In vielen industriellen Prozessen fallen beträchtliche Mengen an Abwasser mit sehr hohen Salzkonzentrationen an. Gelangen sie in Gewässer, stellt dies eine Umweltbelastung dar – besonders für Flüsse und Seen, die für die Trinkwasseraufbereitung genutzt werden. Daher besteht Handlungsbedarf, um neue umweltfreundliche und ökonomisch tragfähige Verfahren zur Aufbereitung und Nutzung von solchem Abwasser zu entwickeln.

„Ein wichtiges Ziel des Vorhabens ist es, im Zuge der Aufbereitung der Salzlösungen den Salzgehalt so umweltfreundlich wie möglich zu erhöhen“, erklärt Projektkoordinatorin Dr. Yuliya Schiesser aus der Prozessforschung von Covestro.
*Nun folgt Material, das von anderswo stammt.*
lemma curvature_gens_eq_0:
  assumes h: "h \<in> H" "h \<noteq> \<one>"
  shows "curvature G gens h = 0"
proof -
  obtain ws where "set ws \<subseteq> gens" "word_prod G ws = h"
    using generate_imp_word_prod[OF gens_carrier inv_gens] generate_gens h(1) H_carrier by blast
  then obtain ws where ws: "length ws = word_length G gens h" "set ws \<subseteq> gens" "word_prod G ws = h"
    using word_length_attained by metis
  have "ws \<noteq> []" using ws(3) h(2) by auto
  then have "gens \<noteq> {}" using ws(2) by auto
  then have "card gens > 0" using finite_gens by (simp add: card_gt_0_iff)
  moreover have "(\<Sum>a\<in>gens. real (word_length G gens (inv a \<otimes> h \<otimes> a))) =
      (\<Sum>a\<in>gens. real (word_length G gens h))"
    using word_length_conj[OF h(1)] gens_carrier by (intro sum.cong) auto
  ultimately have "Av G gens h = real (word_length G gens h)" unfolding Av_def by simp
  then show ?thesis unfolding curvature_def by simp
qed

end

lemma comm_group_Zn_group: "comm_group (Zn_group n)"
  unfolding Zn_group_def
  by (rule group.group_comm_groupI) (auto simp: add.commute intro: restrict_ext)

definition Zn_axis :: "nat \<Rightarrow> nat \<Rightarrow> int \<Rightarrow> nat \<Rightarrow> int" where
  "Zn_axis n j k = (\<lambda>i\<in>{..<n}. if i = j then k else 0)"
Dazu soll unter anderem Abwärme aus den benachbarten Produktionsanlagen genutzt werden: „Unser Ziel ist es, dass am Ende nicht nur die Kunststoffbranche, sondern auch andere Industriezweige ihren Nutzen davon haben.“.

Zur Erprobung ist eine Demonstrationsanlage bei Covestro am Standort Krefeld-Uerdingen geplant. Dort setzt das Unternehmen bereits seit Anfang 2016 in einer Pilotanlage ein Recycling-Verfahren ein, das es selbst entwickelt hat. Dabei wird salzhaltiges Prozessabwasser gereinigt, um bei der Produktion von Chlor wieder eingesetzt zu werden, einem wesentlichen Rohstoff bei der Herstellung von Polycarbonat und anderen Kunststoffen.

Auf diese Technologie baut das neue Verbundprojekt namens „Re-Salt“ (Recycling von industriellen salzhaltigen Prozesswässern) auf. Daran beteiligt sind auch das DVGW-Technologiezentrum Wasser, die Donau Carbon GmbH, die Universität Duisburg-Essen, das Dechema-Forschungsinstitut, die Envirochemie GmbH und die Technische Hochschule Köln.

„Re-Salt“ läuft über drei Jahre und wird vom Bundesministerium für Bildung und Forschung (BMBF) im Rahmen der Fördermaßnahme WavE gefördert (Förderkennzeichen: 02WAV1408).